#### What to work on
An exact copy of the entries below is the expected answer.

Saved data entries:
lemma vertex_iff: "v \<in> Simp N 0 \<longleftrightarrow> (\<exists>x\<in>cObj D. v = [ie x])"
proof
  assume "v \<in> Simp N 0"
  then obtain M where "nerve_matrix D E p ie 0 M" "v = [M 0 0]"
    unfolding Simp_labelled_nerve upper_entries_0 by blast
  then show "\<exists>x\<in>cObj D. v = [ie x]" using nerve_matrix_diag by fastforce
next
  assume "\<exists>x\<in>cObj D. v = [ie x]"
  then obtain x where x: "x \<in> cObj D" "v = [ie x]" by blast
  then have "nerve_matrix D E p ie 0 (\<lambda>_ _. ie x)"
    unfolding nerve_matrix_def
    using id_label_in label_id cat_comp_id_id[OF cat] dom_id_label cod_id_label by auto
  then show "v \<in> Simp N 0"
    unfolding Simp_labelled_nerve x(2) by (force simp: upper_entries_0)
qed

lemma edge_iff:
  "l \<in> Simp N 1 \<longleftrightarrow>
     (\<exists>x\<in>cObj D. \<exists>y\<in>cObj D. \<exists>e\<in>E. l = [ie x, e, ie y] \<and> cDom D (p e) = x \<and> cCod D (p e) = y)"
proof
  assume "l \<in> Simp N 1"
  then obtain M where M: "nerve_matrix D E p ie 1 M" "l = [M 0 0, M 0 1, M 1 1]"
    unfolding Simp_labelled_nerve upper_entries_1 by blast
  obtain x y where "x \<in> cObj D" "M 0 0 = ie x" "y \<in> cObj D" "M 1 1 = ie y"
    using nerve_matrix_diag[OF M(1)] by (metis le_numeral_extra(4) zero_le)
  then show "\<exists>x\<in>cObj D. \<exists>y\<in>cObj D. \<exists>e\<in>E. l = [ie x, e, ie y] \<and> cDom D (p e) = x \<and> cCod D (p e) = y"
    using M nerve_matrix_in[OF M(1), of 0 1] nerve_matrix_dom[OF M(1), of 0 1]
      nerve_matrix_cod[OF M(1), of 0 1] dom_id_label by auto
next
  assume "\<exists>x\<in>cObj D. \<exists>y\<in>cObj D. \<exists>e\<in>E. l = [ie x, e, ie y] \<and> cDom D (p e) = x \<and> cCod D (p e) = y"
  then obtain x y e where l: "x \<in> cObj D" "y \<in> cObj D" "e \<in> E" "l = [ie x, e, ie y]"
    "cDom D (p e) = x" "cCod D (p e) = y" by blast
  define M where "M i j = (if j = 0 then ie x else if i = 0 then e else ie y)" for i j :: nat
  have "nerve_matrix D E p ie 1 M"
    unfolding nerve_matrix_def M_def le_Suc_eq le_zero_eq
    using l id_label_in label_id dom_id_label cod_id_label cat_comp_id_id[OF cat]
      cat_id_left[OF cat label_arr] cat_id_right[OF cat label_arr] by auto
  moreover have "l = upper_entries 1 M" unfolding upper_entries_1 M_def l(4) by simp
  ultimately show "l \<in> Simp N 1" unfolding Simp_labelled_nerve by blast
qed

lemma triangle_iff:
  "s \<in> Simp N 2 \<longleftrightarrow>
     (\<exists>x\<in>cObj D. \<exists>y\<in>cObj D. \<exists>z\<in>cObj D. \<exists>e1\<in>E. \<exists>e2\<in>E. \<exists>e3\<in>E.
        s = [ie x, e1, e3, ie y, e2, ie z] \<and> cDom D (p e1) = x \<and> cCod D (p e1) = y \<and>
        cDom D (p e2) = y \<and> cCod D (p e2) = z \<and> p e3 = cComp D (p e2) (p e1))"
proof
  assume "s \<in> Simp N 2"
  then obtain M where M: "nerve_matrix D E p ie 2 M" "s = [M 0 0, M 0 1, M 0 2, M 1 1, M 1 2, M 2 2]"
    unfolding Simp_labelled_nerve upper_entries_2 by blast
  obtain x y z where "x \<in> cObj D" "M 0 0 = ie x" "y \<in> cObj D" "M 1 1 = ie y" "z \<in> cObj D" "M 2 2 = ie z"
    using nerve_matrix_diag[OF M(1)] by (metis one_le_numeral order_refl zero_le)
  then show "\<exists>x\<in>cObj D. \<exists>y\<in>cObj D. \<exists>z\<in>cObj D. \<exists>e1\<in>E. \<exists>e2\<in>E. \<exists>e3\<in>E.
        s = [ie x, e1, e3, ie y, e2, ie z] \<and> cDom D (p e1) = x \<and> cCod D (p e1) = y \<and>
        cDom D (p e2) = y \<and> cCod D (p e2) = z \<and> p e3 = cComp D (p e2) (p e1)"
    using M(2) nerve_matrix_in[OF M(1), of 0 1] nerve_matrix_in[OF M(1), of 1 2]
      nerve_matrix_in[OF M(1), of 0 2] nerve_matrix_dom[OF M(1), of 0 1] nerve_matrix_cod[OF M(1), of 0 1]
      nerve_matrix_dom[OF M(1), of 1 2] nerve_matrix_cod[OF M(1), of 1 2]
      nerve_matrix_comp[OF M(1), of 0 1 2] dom_id_label by auto
next
  assume "\<exists>x\<in>cObj D. \<exists>y\<in>cObj D. \<exists>z\<in>cObj D. \<exists>e1\<in>E. \<exists>e2\<in>E. \<exists>e3\<in>E.
        s = [ie x, e1, e3, ie y, e2, ie z] \<and> cDom D (p e1) = x \<and> cCod D (p e1) = y \<and>
        cDom D (p e2) = y \<and> cCod D (p e2) = z \<and> p e3 = cComp D (p e2) (p e1)"
  then obtain x y z e1 e2 e3 where s: "x \<in> cObj D" "y \<in> cObj D" "z \<in> cObj D" "e1 \<in> E" "e2 \<in> E" "e3 \<in> E"
    "s = [ie x, e1, e3, ie y, e2, ie z]" "cDom D (p e1) = x" "cCod D (p e1) = y"
    "cDom D (p e2) = y" "cCod D (p e2) = z" "p e3 = cComp D (p e2) (p e1)" by blast
  have e3: "cDom D (p e3) = x" "cCod D (p e3) = z"
    using s cat_dom_comp[OF cat] cat_cod_comp[OF cat] label_arr by auto
  have units: "cComp D (p e1) (cId D x) = p e1" "cComp D (cId D y) (p e1) = p e1"
    "cComp D (p e2) (cId D y) = p e2" "cComp D (cId D z) (p e2) = p e2"
    "cComp D (p e3) (cId D x) = p e3" "cComp D (cId D z) (p e3) = p e3"
    using s e3 cat_id_left[OF cat label_arr] cat_id_right[OF cat label_arr] by metis+
  define M where
    "M i j = (if i = 0 then (if j = 0 then ie x else if j = 1 then e1 else e3)
              else if i = 1 then (if j = 1 then ie y else e2) else ie z)" for i j :: nat
  have "nerve_matrix D E p ie 2 M"
    unfolding nerve_matrix_def M_def le_Suc_eq le_zero_eq numeral_2_eq_2
    using s(1-12) e3 units id_label_in label_id dom_id_label cod_id_label cat_comp_id_id[OF cat] by auto
  moreover have "s = upper_entries 2 M" unfolding upper_entries_2 M_def s(7) by simp
  ultimately show "s \<in> Simp N 2" unfolding Simp_labelled_nerve by blast
qed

#### Output
lemma vertex_iff: "v \<in> Simp N 0 \<longleftrightarrow> (\<exists>x\<in>cObj D. v = [ie x])"
proof
  assume "v \<in> Simp N 0"
  then obtain M where "nerve_matrix D E p ie 0 M" "v = [M 0 0]"
    unfolding Simp_labelled_nerve upper_entries_0 by blast
  then show "\<exists>x\<in>cObj D. v = [ie x]" using nerve_matrix_diag by fastforce
next
  assume "\<exists>x\<in>cObj D. v = [ie x]"
  then obtain x where x: "x \<in> cObj D" "v = [ie x]" by blast
  then have "nerve_matrix D E p ie 0 (\<lambda>_ _. ie x)"
    unfolding nerve_matrix_def
    using id_label_in label_id cat_comp_id_id[OF cat] dom_id_label cod_id_label by auto
  then show "v \<in> Simp N 0"
    unfolding Simp_labelled_nerve x(2) by (force simp: upper_entries_0)
qed

lemma edge_iff:
  "l \<in> Simp N 1 \<longleftrightarrow>
     (\<exists>x\<in>cObj D. \<exists>y\<in>cObj D. \<exists>e\<in>E. l = [ie x, e, ie y] \<and> cDom D (p e) = x \<and> cCod D (p e) = y)"
proof
  assume "l \<in> Simp N 1"
  then obtain M where M: "nerve_matrix D E p ie 1 M" "l = [M 0 0, M 0 1, M 1 1]"
    unfolding Simp_labelled_nerve upper_entries_1 by blast
  obtain x y where "x \<in> cObj D" "M 0 0 = ie x" "y \<in> cObj D" "M 1 1 = ie y"
    using nerve_matrix_diag[OF M(1)] by (metis le_numeral_extra(4) zero_le)
  then show "\<exists>x\<in>cObj D. \<exists>y\<in>cObj D. \<exists>e\<in>E. l = [ie x, e, ie y] \<and> cDom D (p e) = x \<and> cCod D (p e) = y"
    using M nerve_matrix_in[OF M(1), of 0 1] nerve_matrix_dom[OF M(1), of 0 1]
      nerve_matrix_cod[OF M(1), of 0 1] dom_id_label by auto
next
  assume "\<exists>x\<in>cObj D. \<exists>y\<in>cObj D. \<exists>e\<in>E. l = [ie x, e, ie y] \<and> cDom D (p e) = x \<and> cCod D (p e) = y"
  then obtain x y e where l: "x \<in> cObj D" "y \<in> cObj D" "e \<in> E" "l = [ie x, e, ie y]"
    "cDom D (p e) = x" "cCod D (p e) = y" by blast
  define M where "M i j = (if j = 0 then ie x else if i = 0 then e else ie y)" for i j :: nat
  have "nerve_matrix D E p ie 1 M"
    unfolding nerve_matrix_def M_def le_Suc_eq le_zero_eq
    using l id_label_in label_id dom_id_label cod_id_label cat_comp_id_id[OF cat]
      cat_id_left[OF cat label_arr] cat_id_right[OF cat label_arr] by auto
  moreover have "l = upper_entries 1 M" unfolding upper_entries_1 M_def l(4) by simp
  ultimately show "l \<in> Simp N 1" unfolding Simp_labelled_nerve by blast
qed

lemma triangle_iff:
  "s \<in> Simp N 2 \<longleftrightarrow>
     (\<exists>x\<in>cObj D. \<exists>y\<in>cObj D. \<exists>z\<in>cObj D. \<exists>e1\<in>E. \<exists>e2\<in>E. \<exists>e3\<in>E.
        s = [ie x, e1, e3, ie y, e2, ie z] \<and> cDom D (p e1) = x \<and> cCod D (p e1) = y \<and>
        cDom D (p e2) = y \<and> cCod D (p e2) = z \<and> p e3 = cComp D (p e2) (p e1))"
proof
  assume "s \<in> Simp N 2"
  then obtain M where M: "nerve_matrix D E p ie 2 M" "s = [M 0 0, M 0 1, M 0 2, M 1 1, M 1 2, M 2 2]"
    unfolding Simp_labelled_nerve upper_entries_2 by blast
  obtain x y z where "x \<in> cObj D" "M 0 0 = ie x" "y \<in> cObj D" "M 1 1 = ie y" "z \<in> cObj D" "M 2 2 = ie z"
    using nerve_matrix_diag[OF M(1)] by (metis one_le_numeral order_refl zero_le)
  then show "\<exists>x\<in>cObj D. \<exists>y\<in>cObj D. \<exists>z\<in>cObj D. \<exists>e1\<in>E. \<exists>e2\<in>E. \<exists>e3\<in>E.
        s = [ie x, e1, e3, ie y, e2, ie z] \<and> cDom D (p e1) = x \<and> cCod D (p e1) = y \<and>
        cDom D (p e2) = y \<and> cCod D (p e2) = z \<and> p e3 = cComp D (p e2) (p e1)"
    using M(2) nerve_matrix_in[OF M(1), of 0 1] nerve_matrix_in[OF M(1), of 1 2]
      nerve_matrix_in[OF M(1), of 0 2] nerve_matrix_dom[OF M(1), of 0 1] nerve_matrix_cod[OF M(1), of 0 1]
      nerve_matrix_dom[OF M(1), of 1 2] nerve_matrix_cod[OF M(1), of 1 2]
      nerve_matrix_comp[OF M(1), of 0 1 2] dom_id_label by auto
next
  assume "\<exists>x\<in>cObj D. \<exists>y\<in>cObj D. \<exists>z\<in>cObj D. \<exists>e1\<in>E. \<exists>e2\<in>E. \<exists>e3\<in>E.
        s = [ie x, e1, e3, ie y, e2, ie z] \<and> cDom D (p e1) = x \<and> cCod D (p e1) = y \<and>
        cDom D (p e2) = y \<and> cCod D (p e2) = z \<and> p e3 = cComp D (p e2) (p e1)"
  then obtain x y z e1 e2 e3 where s: "x \<in> cObj D" "y \<in> cObj D" "z \<in> cObj D" "e1 \<in> E" "e2 \<in> E" "e3 \<in> E"
    "s = [ie x, e1, e3, ie y, e2, ie z]" "cDom D (p e1) = x" "cCod D (p e1) = y"
    "cDom D (p e2) = y" "cCod D (p e2) = z" "p e3 = cComp D (p e2) (p e1)" by blast
  have e3: "cDom D (p e3) = x" "cCod D (p e3) = z"
    using s cat_dom_comp[OF cat] cat_cod_comp[OF cat] label_arr by auto
  have units: "cComp D (p e1) (cId D x) = p e1" "cComp D (cId D y) (p e1) = p e1"
    "cComp D (p e2) (cId D y) = p e2" "cComp D (cId D z) (p e2) = p e2"
    "cComp D (p e3) (cId D x) = p e3" "cComp D (cId D z) (p e3) = p e3"
    using s e3 cat_id_left[OF cat label_arr] cat_id_right[OF cat label_arr] by metis+
  define M where
    "M i j = (if i = 0 then (if j = 0 then ie x else if j = 1 then e1 else e3)
              else if i = 1 then (if j = 1 then ie y else e2) else ie z)" for i j :: nat
  have "nerve_matrix D E p ie 2 M"
    unfolding nerve_matrix_def M_def le_Suc_eq le_zero_eq numeral_2_eq_2
    using s(1-12) e3 units id_label_in label_id dom_id_label cod_id_label cat_comp_id_id[OF cat] by auto
  moreover have "s = upper_entries 2 M" unfolding upper_entries_2 M_def s(7) by simp
  ultimately show "s \<in> Simp N 2" unfolding Simp_labelled_nerve by blast
qed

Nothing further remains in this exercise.